We come into this world without any knowledge of how gender roles shape our society, as we grow, we quickly learn to conform to social construction of these rules. We say we've moved forward and it's not an issue, but we're not there yet. Modern sexism is more prominent in our culture than ever before, it embodies itself in our society without us even realizing. It exists in every age, gender, and belief. The expectations placed upon men and women today are stronger than ever, and the expectations define much of our culture today.

You're a girl, so act like one.

This stereotype is instilled into us so much that it's hard to see past it. Women face objectification in almost every pursuit they attempt, whether it be in the workplace or in a relationship. We are told to act a certain way and are expected to conform, and if we don't, we face even more criticism. We are taught from a young age to grow up quickly and always watch our backs. We walk the streets conscious of every move we make, phone in one hand and pepper spray hidden away in our bags. We can't even go to our car without the fears of catcalling and the many threats of rape culture that haunt our daily thoughts. Rape culture has made it impossible to go our own way without worrying if the person behind us is following us or just going their own way.

We must dress a certain way and be as modest as possible so we don't look like we're "asking for it". Young women get their freedom of choice taken away by extreme dress codes that do more harm than good. We are told to look pretty and gentle just for the boys, and let the men do the heavy lifting. Because our gender has defined that we are not capable of anything else. We aren't encouraged to continue our education or career goals the same way men are because we are supposed to stay home to take care of the children. Our culture makes it seem almost taboo for the woman to be the bread winner, because women are seen as the ones responsible for raising the children and cleaning the house. But what if that's not what we want?

But boys will be boys right?

Although we may not acknowledge it as much, men face suppression just as much as women do. Men are told to be masculine, to show no fear, to suppress any emotion that may come across as soft or weak. They are told they must act tough and have a love for sports, but a love for literature and education is almost never highlighted. They never learn to take responsibility for their actions because society tells them their gender makes it okay, girls are the ones asking for it. Men will never learn if they are not taught that their actions are not okay. "Boys will be boys" will never be an appropriate excuse. They never have to grow up the way that girls are forced to.

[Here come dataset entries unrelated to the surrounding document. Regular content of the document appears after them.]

lemma int_card_linear_nestings:
  "int (card (linear_nestings w)) = (\<Sum>a<length w. \<Sum>b<length w.
     of_bool (a + 2 \<le> b \<and> b + 1 < length w) * (of_bool (nested_at w a b) + of_bool (nested_at w b a)))"
proof -
  let ?N = "length w"
  define R where "R a b \<longleftrightarrow> a + 2 \<le> b \<and> b + 1 < ?N" for a b
  define nest :: "nat \<Rightarrow> nat \<Rightarrow> int" where "nest a b = of_bool (nested_at w a b)" for a b
  have "linear_nestings w = {(a, b). a < ?N \<and> b < ?N \<and> a + 1 < ?N \<and> b + 1 < ?N \<and> nested_at w a b}"
    unfolding linear_nestings_def by auto
  then have "int (card (linear_nestings w)) =
      (\<Sum>a<?N. \<Sum>b<?N. of_bool (a + 1 < ?N \<and> b + 1 < ?N \<and> nested_at w a b))"
    by (simp only: int_card_lessThan_filter2)
  also have "\<dots> = (\<Sum>a<?N. \<Sum>b<?N. of_bool (R a b) * nest a b + of_bool (R b a) * nest a b)"
  proof (intro sum.cong refl)
    fix a b
    \<comment> \<open>arcs at equal or adjacent positions are never nested\<close>
    consider "R a b" | "R b a" | "a + 1 < ?N \<longrightarrow> b + 1 < ?N \<longrightarrow> b = a \<or> b = a + 1 \<or> a = b + 1"
      unfolding R_def by linarith
    then show "of_bool (a + 1 < ?N \<and> b + 1 < ?N \<and> nested_at w a b) =
        of_bool (R a b) * nest a b + of_bool (R b a) * nest a b"
      by cases (auto simp: R_def nest_def nested_at_def nested_arcs_def)
  qed
  also have "\<dots> = (\<Sum>a<?N. \<Sum>b<?N. of_bool (R a b) * nest a b)
      + (\<Sum>a<?N. \<Sum>b<?N. of_bool (R b a) * nest a b)"
    by (simp only: sum.distrib)
  also have "(\<Sum>a<?N. \<Sum>b<?N. of_bool (R b a) * nest a b) =
      (\<Sum>a<?N. \<Sum>b<?N. of_bool (R a b) * nest b a)"
    by (rule sum.swap)
  finally show ?thesis
    unfolding R_def nest_def by (simp only: sum.distrib[symmetric] ring_distribs)
qed
(* Let $\lambda$ be a partition, $n\ge\ell(\lambda)$, and $M\in\mathrm{MLQ}(\lambda,n)$. Then $\operatorname{maj}(M)=\operatorname{charge}(\mathrm{cw}(M))$.
   Context: For a partition $\lambda$, $\lambda'$ is the conjugate partition. For $L=\lambda_1$ and $n\ge\ell(\lambda)$, $\mathrm{MLQ}(\lambda,n)$ is the set of tuples $M=(B_1,\dots,B_L)$ of subsets of $[n]$ with $|B_j|=\lambda'_j$, drawn as an $L\times n$ grid with rows $1..L$ bottom to top, columns $1..n$ left to right, a ball in cell $(r,j)$ iff $j\in B_r$. The column word $\mathrm{cw}(M)$ scans columns left to right and, within each column, top to bottom, recording the row number of each ball (so it has content $\lambda'$). Major index (Ferrari–Martin labelling). For $r=L,\dots,2$: every unlabelled ball of row $r$ gets label $r$; then the balls of row $r$, in decreasing label order (left to right among equal labels), are each paired with the first unlabelled ball of row $r-1$ weakly to the right, scanning cyclically ($j,j+1,\dots,n,1,\dots$); that ball gets the same label; the pairing wraps if the lower ball is in a column strictly left of the upper ball. Unlabelled balls in row 1 get label 1. $\operatorname{maj}(M)=\sum(\ell(p)-r(p)+1)$ over wrapping pairings $p$, $r(p)$ the row of the upper ball, $\ell(p)$ its label. Charge. For a permutation $\tau$ of $[m]$ in one-line notation, $\operatorname{charge}(\tau)=\sum(m-i)$ over $i\in[m-1]$ such that $i$ is to the left of $i+1$. For a word $w$ with letters $1,\dots,k$ whose multiplicities are weakly decreasing ($\#1\ge\#2\ge\cdots$), extract the first charge subword by locating the leftmost occurrence of $k$, then the next occurrence of $k-1$ to its right cyclically (wrapping to the beginning if needed), then of $k-2$, …, down to $1$; these letters in positional order form a permutation $w^{(1)}$ of $[k]$. Remove them and repeat with the remaining letters to obtain $w^{(2)},\dots$. Then $\operatorname{charge}(w)=\sum_i\operatorname{charge}(w^{(i)})$. *)

theory Defs
  imports Main
begin

definition is_partition :: "nat list \<Rightarrow> bool" where
  "is_partition lam \<longleftrightarrow> sorted_wrt (\<ge>) lam \<and> (\<forall>x\<in>set lam. 0 < x)"

definition first_part :: "nat list \<Rightarrow> nat" where
  "first_part lam = (if lam = [] then 0 else hd lam)"

definition conj_part :: "nat list \<Rightarrow> nat \<Rightarrow> nat" where
  "conj_part lam j = length (filter (\<lambda>x. j \<le> x) lam)"

text \<open>An element M = (B_1,...,B_L) is a list of length L; row r is the set M ! (r-1).\<close>
definition MLQ :: "nat list \<Rightarrow> nat \<Rightarrow> nat set list set" where
  "MLQ lam n = {M. length M = first_part lam \<and>
      (\<forall>r\<in>{1..first_part lam}. M ! (r - 1) \<subseteq> {1..n} \<and> card (M ! (r - 1)) = conj_part lam r)}"

definition row :: "nat set list \<Rightarrow> nat \<Rightarrow> nat set" where
  "row M r = M ! (r - 1)"

text \<open>Column word: columns 1..n left to right, within a column rows from top (L) to bottom (1).\<close>
definition col_word :: "nat set list \<Rightarrow> nat \<Rightarrow> nat list" where
  "col_word M n = concat (map (\<lambda>j. filter (\<lambda>r. j \<in> row M r) (rev [1..<length M + 1])) [1..<n + 1])"
lemma rising_harm_half: "rising_harm (1 / 2) k = 2 * oharm k"
proof (induction k)
  case (Suc k)
  have "1 / (1 / 2 + real k) = 2 * (1 / (2 * real k + 1))"
    by (simp add: field_simps)
  then show ?case
    using Suc by (simp add: rising_harm_Suc oharm_def)
qed (simp add: oharm_def)

lemma binomial_transform_scaled_central_binom_oharm:
  "binomial_transform (\<lambda>j. of_nat j * (2 * scaled_central_binom j * oharm j)) (Suc m)
     = scaled_central_binom m * (oharm m - 1)"
proof -
  define ratio where "ratio = (\<lambda>i. pochhammer (3 / 2) i / pochhammer (2::real) i)"
  define P where "P = pochhammer (1 / 2) m / pochhammer (2::real) m"
  have "(3 / 2 :: real) \<notin> \<int>\<^sub>\<le>\<^sub>0" "(2 :: real) \<notin> \<int>\<^sub>\<le>\<^sub>0" "(2 - 3 / 2 :: real) \<notin> \<int>\<^sub>\<le>\<^sub>0"
    by (auto dest: nonpos_Ints_nonpos)
  then have P1: "binomial_transform ratio m = P"
    and P2: "binomial_transform (\<lambda>i. ratio i * rising_harm (3 / 2) i) m = - P * rising_harm (1 / 2) m"
    using binomial_transform_pochhammer_ratio[of 2 "3 / 2" m]
      binomial_transform_pochhammer_ratio_rising_harm[of "3 / 2" 2 m]
    by (simp_all add: ratio_def P_def)
  have oharm_Suc: "oharm (Suc i) = 1 + rising_harm (3 / 2) i / 2" for i
    using rising_harm_Suc_left[of "1 / 2 :: real" i] by (simp add: rising_harm_half)
  have summand: "2 * scaled_central_binom (Suc i) * oharm (Suc i)
      = ratio i + 1 / 2 * (ratio i * rising_harm (3 / 2) i)" for i
  proof -
    have "pochhammer (2::real) i \<noteq> 0"
      by (simp add: pochhammer_2_eq_fact)
    then show ?thesis
      unfolding scaled_central_binom_Suc_pochhammer oharm_Suc ratio_def by (simp add: field_simps)
  qed
  have "binomial_transform (\<lambda>j. of_nat j * (2 * scaled_central_binom j * oharm j)) (Suc m)
      = of_nat (Suc m) * P * (oharm m - 1)"
    unfolding binomial_transform_of_nat_mult summand binomial_transform_add
      binomial_transform_cmult P1 P2 rising_harm_half
    by (simp add: algebra_simps)
  also have "of_nat (Suc m) * P = scaled_central_binom m"
    by (simp add: P_def scaled_central_binom_pochhammer pochhammer_2_eq_fact del: of_nat_Suc)
  finally show ?thesis .
qed
text \<open>
  For nonconstant x one has supnorm x - Q_r(x) = delta(x) * (r(x) - r) with delta = 2N/Vol, so the
  iteration is Dinkelbach's method for the ratio r. On \<Omega> the weight delta is positive and at
  most 2, and comparing the minimiser x_(k+1) with a global minimiser z of r lying in \<Omega> gives
  r_(k+1) - r_min \<le> (1 - delta(z)/2) * (r_k - r_min), i.e. linear convergence.

  The minimiser exists because r is invariant under scaling and does not increase when a vector
  is centred at the midpoint of its range; hence r attains its infimum on the compact set of
  vectors whose range is exactly [-1, 1], and rescaling that minimiser puts it into \<Omega>1.
\<close>

section \<open>Dinkelbach iteration\<close>

lemma LIMSEQ_contraction_zero:
  fixes e :: "nat \<Rightarrow> real"
  assumes nonneg: "\<And>k. 0 \<le> e k" and contraction: "\<And>k. e (Suc k) \<le> c * e k"
    and "0 \<le> c" and "c < 1"
  shows "e \<longlonglongrightarrow> 0"
proof -
  have bound: "e k \<le> c ^ k * e 0" for k
  proof (induction k)
    case 0
    show ?case by simp
  next
    case (Suc k)
    have "e (Suc k) \<le> c * e k" by (fact contraction)
    also have "\<dots> \<le> c * (c ^ k * e 0)" using Suc.IH \<open>0 \<le> c\<close> by (rule mult_left_mono)
    finally show ?case by (simp add: mult.assoc)
  qed
  have lim: "(\<lambda>k. c ^ k * e 0) \<longlonglongrightarrow> 0"
    using assms(3,4) by (intro tendsto_mult_left_zero LIMSEQ_power_zero) simp
  show ?thesis
  proof (rule tendsto_sandwich[OF _ _ tendsto_const lim])
    show "\<forall>\<^sub>F k in sequentially. 0 \<le> e k" using nonneg by simp
    show "\<forall>\<^sub>F k in sequentially. e k \<le> c ^ k * e 0" using bound by simp
  qed
qed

Many think these beliefs are long gone, but I have been amazed by the amount of men (ones I have dated, ones who are my friends) who have been taught their entire lives to strive for this type of dream because they know nothing else. These days, it is difficult for men to pursue their passion in the arts because of the fear of not making enough money to impress a girl. They are told they must be chivalrous and respectful to women without knowing what this actually means. Men are taught once they marry a woman they become property, and for some skewed reason women are supposed to go along with this. Why is everyone expected to fit into this picture perfect stereotype?

Sexism is still a problem in our modern day culture, and every gender is to blame. We all face oppression in one way or another, it's time to stop ignoring this and make a change. Women are strong, men have feelings, every gender has a right at finding equality and breaking these stereotypes, modern day sexism does not need to be a problem if we don't make it one.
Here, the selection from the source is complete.